In a recent podcast episode, Shannon Allen was asked to describe the mechanics of how a mentor relationship works. Below is the transcript of her insightful answer, and the link to the entire podcast episode:
Shannon Allen:
I would say that all of that is very dependent on the people, their schedules and also the depth or the intensity of the mentorship relationship. So mentorship is not a one size fits all type of thing. You really have to base it on your specific situation.
So I’ll use myself as an example when someone approaches me about being their mentor. The very first thing I do is I have them tell me what that means to them because I learned a long time ago that, especially with younger people, they will ask for a mentor. Really what they’re looking for is just a friend to bounce ideas off of and so it’s extremely important to define that relationship set reasonable expectations and then build the logistics of it around that. Otherwise you’ll really become frustrated because you’re putting way more effort into the relationship than what the mentee actually wanted from you.
And so for those who tell me ‘well I’m looking for deep mentorship and I really want to be mentored’ I always ask them this question. If you remember to ask people this question at the very beginning it will save you so much grief and headache moving forward. That question is ‘do I have permission to mentor you at a high level so that means can I be very open and frank with you about your blind spots. Can I trust you to show up on time to our meetings and ready to engage and ready to learn? Can I count on you not to get offended or upset if I say something that maybe you didn’t really want to hear? So I always want people who I’m mentoring to know what they’re getting into with me because I am a straight shooter I am very forthcoming . If people aren’t looking for that, it’s important for them to know what they’re getting. Those conversations then begin to build a framework for how often we meet and the tone of those meetings.

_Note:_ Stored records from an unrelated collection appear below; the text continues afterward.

lemma coord_bij: "bij_betw coord K F"
proof -
  have "bij_betw ((\<lambda>x. fmult x (Psi one)) \<circ> scalar_map) K F"
    using scalar_map_bij left_near_field_bij_mult_right[OF near_field Psi_one]
    by (rule bij_betw_trans)
  then show ?thesis
    by (rule bij_betw_cong[THEN iffD1, rotated]) (simp add: coord_eq)
qed

lemma coord_zero: "coord zero = fzero"
  using coord_eq zero_in_K Psi_one fmult_zero_left scalar_map_zero by simp

lemma coord_in_F: "a \<in> K \<Longrightarrow> coord a \<in> F"
  by (rule bij_betw_apply[OF coord_bij])

lemma coord_right_qm_bij: "right_qm_bij K mult one F fmult (nf_one F fmult fzero) fzero coord"
  unfolding right_qm_bij_def
  by (intro conjI coord_bij exI[of _ scalar_map] exI[of _ "Psi one"])
    (use scalar_map_bij scalar_map_mult scalar_map_one Psi_one coord_eq in auto)

lemma smult_one_add:
  assumes "a \<in> K" "b \<in> K"
  defines "c \<equiv> the_inv_into K coord (fadd (coord a) (coord b))"
  shows "c \<in> K \<and> vadd (smult a one) (smult b one) = smult c one"
proof -
  have "fadd (coord a) (coord b) \<in> F" using assms(1,2) coord_in_F fadd_in_F by blast
  then have "c \<in> K" and "coord c = fadd (coord a) (coord b)"
    unfolding c_def using bij_betw_apply[OF bij_betw_the_inv_into[OF coord_bij]]
      f_the_inv_into_f_bij_betw[OF coord_bij] by simp_all
  then have "Psi (smult c one) = Psi (vadd (smult a one) (smult b one))"
    using Psi_add smult_in_K assms(1,2) one_in_K unfolding coord_def by simp
  then show ?thesis
    using \<open>c \<in> K\<close> smult_in_K vadd_in_K assms(1,2) one_in_K
    by (auto dest: inj_onD[OF bij_betw_imp_inj_on[OF Psi_bij]])
qed

lemma one_in_quasi_kernel: "one \<in> quasi_kernel K vadd K smult"
proof -
  have "\<exists>c\<in>K. vadd (smult a one) (smult b one) = smult c one" if "a \<in> K" "b \<in> K" for a b
    using smult_one_add[OF that] by blast
  then show ?thesis unfolding quasi_kernel_def using one_in_K by blast
qed

lemma add_at_one:
  assumes "a \<in> K" "b \<in> K"
  shows "add_at K vadd smult one a b = the_inv_into K coord (fadd (coord a) (coord b))"
  using smult_one_add[OF assms]
  by (intro near_vector_space_add_at_eqI[OF nvs one_in_K zero_ne_one[symmetric]]) simp_all
lemma bar_image_no_positive_constant_difference:
  assumes girth: "girth V E \<ge> 5" and not_P2: "\<not> iso_P2 V E"
    and x: "x \<in> V" and y: "y \<in> V" and c: "c > 0"
  shows "\<exists>w\<in>bar ` S. int (d w x) - int (d w y) \<noteq> c"
proof (rule ccontr)
  assume "\<not> ?thesis"
  then have const: "\<And>v. v \<in> S \<Longrightarrow> int (d (bar v) x) - int (d (bar v) y) = c" by auto
  show False
  proof (rule positive_constant_difference_cases[OF x y c const])
    fix u assume u: "u \<in> S" "bar u \<noteq> u" "y = bar u" "x = u \<or> E x u"
    have "S = {u}"
    proof (rule singleton_if_bar_closer[OF u(1,2)])
      fix v assume v: "v \<in> S"
      have "d (bar v) x \<le> d (bar v) u + 1"
        using u(4) dist_adj_le[OF adj_sym, of x u] bar_in_V[OF v] by force
      with const[OF v] c u(3) show "d (bar v) (bar u) \<le> d (bar v) u" by simp
    qed
    then show False using MLD MLD_singleton_iso_P2 not_P2 by blast
  next
    assume "x \<notin> S" "y \<in> S" "E x y" "c = 1"
    with const have "\<forall>w\<in>S. d (bar w) x = d (bar w) y + 1" by force
    with no_uniform_shift[OF girth x \<open>x \<notin> S\<close> \<open>y \<in> S\<close> \<open>E x y\<close>] show False by blast
  qed
qed

lemma card_bar_image: "card (bar ` S) = card S"
  using card_image[OF inj_on_bar] .

lemma doubly_resolving_bar_image:
  assumes girth: "girth V E \<ge> 5" and not_P2: "\<not> iso_P2 V E"
  shows "doubly_resolving V E (bar ` S)"
  unfolding doubly_resolving_def
proof (intro conjI ballI impI)
  show "bar ` S \<subseteq> V" using bar_in_V by blast
  fix x y assume x: "x \<in> V" and y: "y \<in> V" and "x \<noteq> y"
  obtain s where s: "s \<in> bar ` S"
    using bar_image_resolving[OF x y \<open>x \<noteq> y\<close>] by blast
  define c where "c = int (d s x) - int (d s y)"
  show "\<exists>u\<in>bar ` S. \<exists>v\<in>bar ` S. doubly_resolves V E u v x y"
  proof (rule ccontr)
    assume "\<not> ?thesis"
    with s have const: "\<forall>w\<in>bar ` S. int (d w x) - int (d w y) = c"
      unfolding doubly_resolves_def c_def by blast
    consider "c = 0" | "c > 0" | "- c > 0" by linarith
    then show False
    proof cases
      case 1
      with const bar_image_resolving[OF x y \<open>x \<noteq> y\<close>] show False by auto
    next
      case 2
      with const bar_image_no_positive_constant_difference[OF girth not_P2 x y] show False
        by blast
    next
      case 3
      from const have "\<forall>w\<in>bar ` S. int (d w y) - int (d w x) = - c" by auto
      with 3 bar_image_no_positive_constant_difference[OF girth not_P2 y x] show False
        by blast
    qed
  qed
qed

end

lemma (in connected_graph) leaf_shift_exists:
  assumes "MLD_set V E S"
  obtains bar where "leaf_shift V E S bar"
proof
  let ?leaf = "\<lambda>u w. E u w \<and> w \<in> V - S \<and> degree V E w = 1"
  show "leaf_shift V E S (\<lambda>u. if \<exists>w. ?leaf u w then SOME w. ?leaf u w else u)"
    by unfold_locales (use assms someI_ex[of "?leaf _"] in auto)
qed

lemma (in connected_graph) psi_le_gamma_M:
  assumes "girth V E \<ge> 5" and "\<not> iso_P2 V E"
  shows "psi V E \<le> gamma_M V E"
proof -
  obtain S where S: "MLD_set V E S" "card S = gamma_M V E"
    using LeastI_ex[of "\<lambda>k. \<exists>S. MLD_set V E S \<and> card S = k"] MLD_set_V
    unfolding gamma_M_def by blast
  obtain bar where bar: "leaf_shift V E S bar"
    using leaf_shift_exists[OF S(1)] .
  then have "doubly_resolving V E (bar ` S)" "card (bar ` S) = gamma_M V E"
    using leaf_shift.doubly_resolving_bar_image[OF bar assms] leaf_shift.card_bar_image[OF bar] S(2)
    by auto
  then show ?thesis
    unfolding psi_def by (blast intro: Least_le)
qed

theorem proposition10:
  fixes V :: "'a set" and E :: "'a \<Rightarrow> 'a \<Rightarrow> bool" and S :: "'a set"
  assumes "simple_graph V E"
    and "girth V E \<ge> 5"
    and "\<not> iso_P2 V E"
    and "MLD_set V E S"
  shows "(\<forall>u\<in>S. \<forall>w1 w2. E u w1 \<and> w1 \<in> V - S \<and> degree V E w1 = 1
                      \<and> E u w2 \<and> w2 \<in> V - S \<and> degree V E w2 = 1 \<longrightarrow> w1 = w2)
    \<and> (\<forall>bar :: 'a \<Rightarrow> 'a.
         (\<forall>u\<in>S. if (\<exists>w. E u w \<and> w \<in> V - S \<and> degree V E w = 1)
                 then E u (bar u) \<and> bar u \<in> V - S \<and> degree V E (bar u) = 1
                 else bar u = u)
         \<longrightarrow> doubly_resolving V E (bar ` S) \<and> card (bar ` S) = card S)
    \<and> psi V E \<le> gamma_M V E"
proof -
  interpret connected_graph V E
    using assms(1) by unfold_locales
  have "doubly_resolving V E (bar ` S) \<and> card (bar ` S) = card S"
    if "leaf_shift V E S bar" for bar
    using leaf_shift.doubly_resolving_bar_image[OF that assms(2,3)] leaf_shift.card_bar_image[OF that]
    by blast
  then show ?thesis
    using MLD_leaf_neighbour_unique[OF assms(4)] psi_le_gamma_M[OF assms(2,3)]
      leaf_shift.intro[OF connected_graph_axioms leaf_shift_axioms.intro[OF assms(4)]]
    by blast
qed

end
lemma Snet_ridgelet:
  assumes p: "prime P" and g: "(\<Sum>b\<in>ZP P. g b) = 0" and x: "x \<in> ZPD P D"
  shows "Snet P D g (\<lambda>a b. complex_of_real (ridgelet P D r f a b)) x =
    complex_of_real (f x * (\<Sum>b\<in>ZP P. g b * r b))"
proof -
  have P: "P > 0" using p by (simp add: prime_gt_0_nat)
  define s where "s = 1 / sqrt (real P) ^ D"
  define G where "G = (\<Sum>b\<in>ZP P. g b * r b)"
  have "Snet P D g (\<lambda>a b. complex_of_real (ridgelet P D r f a b)) x =
      complex_of_real (s * (\<Sum>a\<in>ZPD P D. \<Sum>b\<in>ZP P. ridgelet P D r f a b * g ((dotp D a x - b) mod int P)))"
    unfolding Snet_def s_def by simp
  also have "(\<Sum>a\<in>ZPD P D. \<Sum>b\<in>ZP P. ridgelet P D r f a b * g ((dotp D a x - b) mod int P)) =
      s * (\<Sum>a\<in>ZPD P D. \<Sum>b\<in>ZP P. \<Sum>y\<in>ZPD P D.
        f y * (r ((dotp D a y - b) mod int P) * g ((dotp D a x - b) mod int P)))"
    unfolding ridgelet_def s_def by (simp add: sum_distrib_left sum_distrib_right mult_ac)
  also have "(\<Sum>a\<in>ZPD P D. \<Sum>b\<in>ZP P. \<Sum>y\<in>ZPD P D.
        f y * (r ((dotp D a y - b) mod int P) * g ((dotp D a x - b) mod int P))) =
      (\<Sum>y\<in>ZPD P D. \<Sum>a\<in>ZPD P D. \<Sum>b\<in>ZP P.
        f y * (r ((dotp D a y - b) mod int P) * g ((dotp D a x - b) mod int P)))"
    by (rule sym, subst sum.swap, intro sum.cong refl sum.swap)
  also have "\<dots> = (\<Sum>y\<in>ZPD P D. f y * (\<Sum>a\<in>ZPD P D. cyclic_corr P r g (dotp D a (\<lambda>i. y i - x i) mod int P)))"
    by (simp add: sum_distrib_left[symmetric] sum_ZP_mult_shifted[OF P] dotp_diff)
  also have "\<dots> = (\<Sum>y\<in>ZPD P D. if y = x then f x * (real P ^ D * G) else 0)"
    by (intro sum.cong refl) (simp add: sum_ZPD_cyclic_corr_dotp[OF p x _ g] G_def)
  also have "s * (s * \<dots>) = f x * G"
  proof -
    have "s * s * real P ^ D = 1"
      unfolding s_def using P by (simp add: power_mult_distrib[symmetric] field_simps)
    with x show ?thesis by (simp add: algebra_simps)
  qed
  finally show ?thesis unfolding G_def .
qed

theorem theorem2:
  fixes P D :: nat and g r :: "int \<Rightarrow> real"
  assumes "prime P" and "D \<ge> 1"
    and "(\<Sum>b\<in>ZP P. g b) = 0"
    and "(\<Sum>b\<in>ZP P. \<bar>g b\<bar>^2) = 1"
    and "(\<Sum>b\<in>ZP P. \<bar>r b\<bar>^2) = 1"
    and "Cgr P g r \<noteq> 0"
  shows "\<forall>f :: (nat \<Rightarrow> int) \<Rightarrow> real. \<forall>x\<in>ZPD P D.
           complex_of_real (f x) =
             inverse (Cgr P g r) *
             Snet P D g (\<lambda>a b. complex_of_real (ridgelet P D r f a b)) x"
proof (intro allI ballI)
  fix f :: "(nat \<Rightarrow> int) \<Rightarrow> real" and x assume x: "x \<in> ZPD P D"
  have C: "Cgr P g r = complex_of_real (\<Sum>b\<in>ZP P. g b * r b)"
    using assms(1) by (simp add: Cgr_eq_sum_mult prime_gt_0_nat)
  show "complex_of_real (f x) = inverse (Cgr P g r) * Snet P D g (\<lambda>a b. complex_of_real (ridgelet P D r f a b)) x"
    unfolding Snet_ridgelet[OF assms(1,3) x] using assms(6) by (simp add: C field_simps)
qed
lemma sample_means_accurate_whp:
  fixes M :: nat and \<epsilon> \<delta> :: real
  assumes M: "\<And>k. k < kstar \<Longrightarrow> m k \<le> M"
    and \<epsilon>: "0 < \<epsilon>" "\<epsilon> \<le> 2 * r * real N * (real N + 1)" and \<delta>: "0 < \<delta>" "\<delta> \<le> 1/2"
  defines "L \<equiv> sample_size M r N \<epsilon> \<delta>" and "\<eta> \<equiv> \<epsilon> / (4 * (real N + 1))"
  shows "measure_pmf.prob (pmf_of_set (coalition_samples N kstar L))
      {\<omega>. \<exists>k<min (Suc N) kstar. \<exists>j<m k.
         \<eta> \<le> \<bar>(\<Sum>x\<in>{k} \<times> {..<L}. gain_term N w P utility k j (\<omega> x)) / L - level_gain k j\<bar>}
    \<le> \<delta>"
proof -
  have N: "0 < N" and r: "0 < r"
    using nontrivial_precision_positive[OF \<epsilon>] by auto
  have "measure_pmf.prob (pmf_of_set (coalition_samples N kstar L))
      {\<omega>. \<exists>k<min (Suc N) kstar. \<exists>j<m k.
         \<eta> \<le> \<bar>(\<Sum>x\<in>{k} \<times> {..<L}. gain_term N w P utility k j (\<omega> x)) / L - level_gain k j\<bar>}
    \<le> real ((N + 1) * M) * (2 * exp (- (L * \<eta>\<^sup>2 / (2 * (2 * r * real N)\<^sup>2))))"
    using sample_size_pos[OF \<epsilon>(1) r N \<delta>] N r \<epsilon> M
    by (intro sample_means_accurate) (auto simp: L_def \<eta>_def)
  also have "\<dots> \<le> real ((N + 1) * M) * (\<delta> / ((real N + 1) * (real M + 1)))"
    using sample_size_tail_le[OF \<epsilon>(1) r N \<delta>(1)] by (intro mult_left_mono) (auto simp: L_def \<eta>_def)
  also have "\<dots> \<le> ((real N + 1) * (real M + 1)) * (\<delta> / ((real N + 1) * (real M + 1)))"
    using \<delta> by (intro mult_right_mono) (auto simp: algebra_simps)
  also have "\<dots> = \<delta>"
    by simp
  finally show ?thesis .
qed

I tend personally to invest more time into people who I think are really going to benefit. People who really want to learn and if I know that there are very specific areas that someone’s looking to be mentored in, I’ll structure the meetings around that. It will be more formal and it’ll have more of an agenda. But if I know they’re looking for more general mentorship and guidance then I’ll definitely keep those meetings more casual and informal.